Even beyond lack of access to these digital transaction services, most students and community members lack the time to navigate using them. The administration’s current plan is to suggest that those fundraising carry QR codes with links to secure donation sites. The process of connecting said sites to a digital wallet, if the donor even has one, is cumbersome compared to simply putting a dollar in a can. Also, people are generally more willing to part with tangible small change rather than going through the process of plugging in information for wireless transactions. This is especially true for teenage students, who are typically asked to donate during the school day and may not have the opportunity to pull out a cell phone.

Granted, there are certain benefits to providing digital donation opportunities. SLSD superintendent Dr. Michael Mahon suggests that some donors would appreciate having their charitable transactions recorded online for tax breaks and peace of mind, knowing that their funds have reached the desired non-profit.
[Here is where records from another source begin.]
(* Greedy: a vertex of in-degree at most d exists by double counting; keep it, discard its at
   most 2d in- and out-neighbours, and recurse. *)

lemma exists_large_independent_subset:
  assumes "finite S" and "\<forall>x\<in>S. x \<notin> out x \<and> finite (out x) \<and> card (out x) \<le> d"
  shows "\<exists>T\<subseteq>S. card S \<le> (2 * d + 1) * card T \<and> (\<forall>x\<in>T. out x \<inter> T = {})"
  using assms
proof (induction "card S" arbitrary: S rule: less_induct)
  case less
  show ?case
  proof (cases "S = {}")
    case True
    then show ?thesis by auto
  next
    case False
    obtain x where x: "x \<in> S" and in_deg: "card {y\<in>S. x \<in> out y} \<le> d"
      using exists_in_degree_le[OF less.prems(1) False] less.prems(2) by blast
    define R where "R = insert x (out x \<union> {y\<in>S. x \<in> out y})"
    have "finite R" "x \<in> R"
      using less.prems x by (auto simp: R_def)
    have card_R: "card R \<le> 2 * d + 1"
    proof -
      have "card R \<le> Suc (card (out x \<union> {y\<in>S. x \<in> out y}))"
        unfolding R_def by (simp add: card_insert_le_m1)
      also have "\<dots> \<le> Suc (card (out x) + card {y\<in>S. x \<in> out y})"
        using card_Un_le by simp
      finally show ?thesis using less.prems(2) x in_deg by fastforce
    qed
    have "card (S - R) < card S"
      using less.prems(1) x \<open>x \<in> R\<close> by (intro psubset_card_mono) auto
    then obtain T where T: "T \<subseteq> S - R" "card (S - R) \<le> (2 * d + 1) * card T"
      "\<forall>y\<in>T. out y \<inter> T = {}"
      using less.hyps less.prems by (metis Diff_subset finite_Diff subsetD)
    have "finite T" "x \<notin> T"
      using T(1) less.prems(1) \<open>x \<in> R\<close> finite_subset by auto
    have "card S \<le> card (S - R) + card R"
      using card_Int_Diff[OF less.prems(1), of R] card_mono[OF \<open>finite R\<close>, of "S \<inter> R"] by simp
    then have "card S \<le> (2 * d + 1) * card (insert x T)"
      using T(2) card_R \<open>finite T\<close> \<open>x \<notin> T\<close> by simp
    moreover have "\<forall>y\<in>insert x T. out y \<inter> insert x T = {}"
      using T less.prems(2) x unfolding R_def by blast
    ultimately show ?thesis
      using T(1) x by (intro exI[of _ "insert x T"]) auto
  qed
qed

lemma card_3_third_element:
  assumes "card e = 3" "a \<in> e" "b \<in> e" "a \<noteq> b"
  obtains c where "e = {a, b, c}" "c \<noteq> a" "c \<noteq> b"
proof -
  have "card (e - {a, b}) = 1"
    using assms by (simp add: card_Diff_subset)
  then obtain c where "e - {a, b} = {c}"
    by (meson card_1_singletonE)
  with assms(2,3) show thesis
    using that by blast
qed

lemma contains_traceI:
  assumes "inj_on \<phi> VF" "\<phi> ` VF \<subseteq> V" "\<psi> ` EF \<subseteq> E" "\<forall>f\<in>EF. f \<subseteq> VF"
    and "\<forall>f\<in>EF. \<psi> f \<inter> \<phi> ` VF = \<phi> ` f"
  shows "contains_trace V E VF EF"
proof -
  have "inj_on \<psi> EF"
  proof (rule inj_onI)
    fix f f' assume "f \<in> EF" "f' \<in> EF" "\<psi> f = \<psi> f'"
    then have "\<phi> ` f = \<phi> ` f'"
      using assms(5) by metis
    with \<open>f \<in> EF\<close> \<open>f' \<in> EF\<close> show "f = f'"
      using inj_on_image_eq_iff[OF assms(1)] assms(4) by blast
  qed
  with assms show ?thesis
    unfolding contains_trace_def by blast
qed

lemma contains_K2t_traceI:
  assumes "a \<noteq> b" "a \<notin> X" "b \<notin> X" "insert a (insert b X) \<subseteq> V" "finite X" "card X = t"
    and "\<forall>x\<in>X. ea x \<in> E \<and> ea x \<inter> insert a (insert b X) = {a, x}"
    and "\<forall>x\<in>X. eb x \<in> E \<and> eb x \<inter> insert a (insert b X) = {b, x}"
  shows "contains_trace V E (K2t_vertices t) (K2t_edges t)"
proof -
  obtain h where h: "bij_betw h {2..<t+2} X"
    using finite_same_card_bij[of "{2..<t+2}" X] assms(5,6) by auto
  define \<phi> where "\<phi> j = (if j = 0 then a else if j = 1 then b else h j)" for j :: nat
  \<comment> \<open>An edge of \<open>K\<^sub>2\<^sub>,\<^sub>t\<close> is \<open>{i, j}\<close> with \<open>i < 2 \<le> j\<close>, so \<open>Max f\<close> is its vertex in the large part.\<close>
  define \<psi> where "\<psi> f = (if 0 \<in> f then ea (\<phi> (Max f)) else eb (\<phi> (Max f)))" for f :: "nat set"
  have VF: "K2t_vertices t = insert 0 (insert 1 {2..<t+2})"
    unfolding K2t_vertices_def by auto
  have \<phi>_0: "\<phi> 0 = a" and \<phi>_1: "\<phi> (Suc 0) = b"
    by (simp_all add: \<phi>_def)
  have \<phi>_h: "\<phi> j = h j" if "j \<in> {2..<t+2}" for j
    using that by (simp add: \<phi>_def)
  have "\<phi> ` {2..<t+2} = h ` {2..<t+2}"
    by (rule image_cong[OF refl \<phi>_h])
  with h have \<phi>_X: "\<phi> ` {2..<t+2} = X"
    by (simp add: bij_betw_def)
  have \<phi>_image: "\<phi> ` K2t_vertices t = insert a (insert b X)"
    unfolding VF image_insert \<phi>_X by (simp add: \<phi>_def)
  have "inj_on \<phi> {2..<t+2}"
    using h \<phi>_h by (simp add: bij_betw_def inj_on_def)
  then have "inj_on \<phi> (K2t_vertices t)"
    using assms(1-3) \<phi>_X by (simp add: VF \<phi>_0 \<phi>_1)
  moreover have "\<forall>f\<in>K2t_edges t. \<psi> f \<in> E \<and> \<psi> f \<inter> \<phi> ` K2t_vertices t = \<phi> ` f"
  proof
    fix f assume "f \<in> K2t_edges t"
    then obtain i j where f: "f = {i, j}" "i < 2" "2 \<le> j" "j < t + 2"
      unfolding K2t_edges_def by auto
    then have "Max f = j" by auto
    have "\<phi> j \<in> X"
      using \<phi>_X f(3,4) by auto
    show "\<psi> f \<in> E \<and> \<psi> f \<inter> \<phi> ` K2t_vertices t = \<phi> ` f"
    proof (cases "i = 0")
      case True
      then have "\<psi> f = ea (\<phi> j)" "\<phi> ` f = {a, \<phi> j}"
        using f \<open>Max f = j\<close> \<phi>_0 by (simp_all add: \<psi>_def)
      then show ?thesis
        using assms(7) \<open>\<phi> j \<in> X\<close> \<phi>_image by simp
    next
      case False
      then have "i = 1" "0 \<notin> f" using f by auto
      then have "\<psi> f = eb (\<phi> j)" "\<phi> ` f = {b, \<phi> j}"
        using f \<open>Max f = j\<close> \<phi>_1 by (simp_all add: \<psi>_def)
      then show ?thesis
        using assms(8) \<open>\<phi> j \<in> X\<close> \<phi>_image by simp
    qed
  qed
  moreover have "\<forall>f\<in>K2t_edges t. f \<subseteq> K2t_vertices t"
    unfolding K2t_edges_def K2t_vertices_def by auto
  ultimately show ?thesis
    using assms(4) \<phi>_image by (intro contains_traceI[of \<phi> _ _ \<psi>]) auto
qed

lemma Vu_not_in_N1: "x \<in> Vu B v u \<Longrightarrow> x \<notin> N1 B v"
  by (simp add: Vu_def N2_def)

lemma Vu_third_vertex_choice:
  assumes "\<forall>e\<in>B. card e = 3"
  obtains c where "\<forall>x\<in>Vu B v u. {u, x, c x} \<in> B \<and> c x \<notin> N1 B v \<and> c x \<noteq> x"
proof -
  have "\<exists>c. {u, x, c} \<in> B \<and> c \<notin> N1 B v \<and> c \<noteq> x" if x: "x \<in> Vu B v u" for x
  proof -
    obtain e where "e \<in> B" "e \<inter> N1 B v = {u}" "x \<in> e"
      using x by (auto simp: Vu_def Eu_def)
    moreover have "u \<noteq> x"
      using Vu_not_in_N1[OF x] \<open>e \<inter> N1 B v = {u}\<close> by blast
    ultimately obtain c where "e = {u, x, c}" "c \<noteq> u" "c \<noteq> x"
      using assms card_3_third_element[of e u x] by blast
    with \<open>e \<in> B\<close> \<open>e \<inter> N1 B v = {u}\<close> show ?thesis
      by blast
  qed
  with that show thesis
    by metis
qed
“It’s done in a way that people can feel confident… as opposed to this idea of cash being just kind of carried around. Again, I want to be very clear, I am not accusing [students]; we have the greatest kids, and they are honorable,” Dr. Mahon says. “It’s our job to develop internal controls, to make sure that everyone has the opportunity to be maximally successful.”

Although the administration is not implementing these changes with the intention to reprimand students, students cannot help but feel untrusted. Students take great pride in the organizations they volunteer for and feel they are mature enough to handle donations. Allowing students this responsibility communicates that they are expected by the school district to be honest and accountable. By giving students privileges, they are more willing to embody these expectations. Until there are clear circumstances where canning is an issue, students should be given the benefit of the doubt.

“I never saw kids skimming off the top, I never saw kids being dishonest when they brought back their cans,” Mrs. Bathgate says. “This is everybody volunteering their time to fundraise money for childhood cancer and cancer research, so I just feel like we’re creating a problem that doesn’t exist.”

Online fundraising does not have to replace cash donations and canning altogether. Although administration currently looks to ban cash donations in the future, the best decision for Southern Lehigh clubs is to embrace both forms of fundraising. Simply offering wireless donation in addition to continued canning would allow the community to benefit from both methods.

By prompting Southern Lehigh clubs to offer both cash and online donations, Southern Lehigh School District can help their students improve revenue and inclusivity. New additions to fundraising such as QR codes and cash-transfer apps should not come at the expense of clubs’ current operations.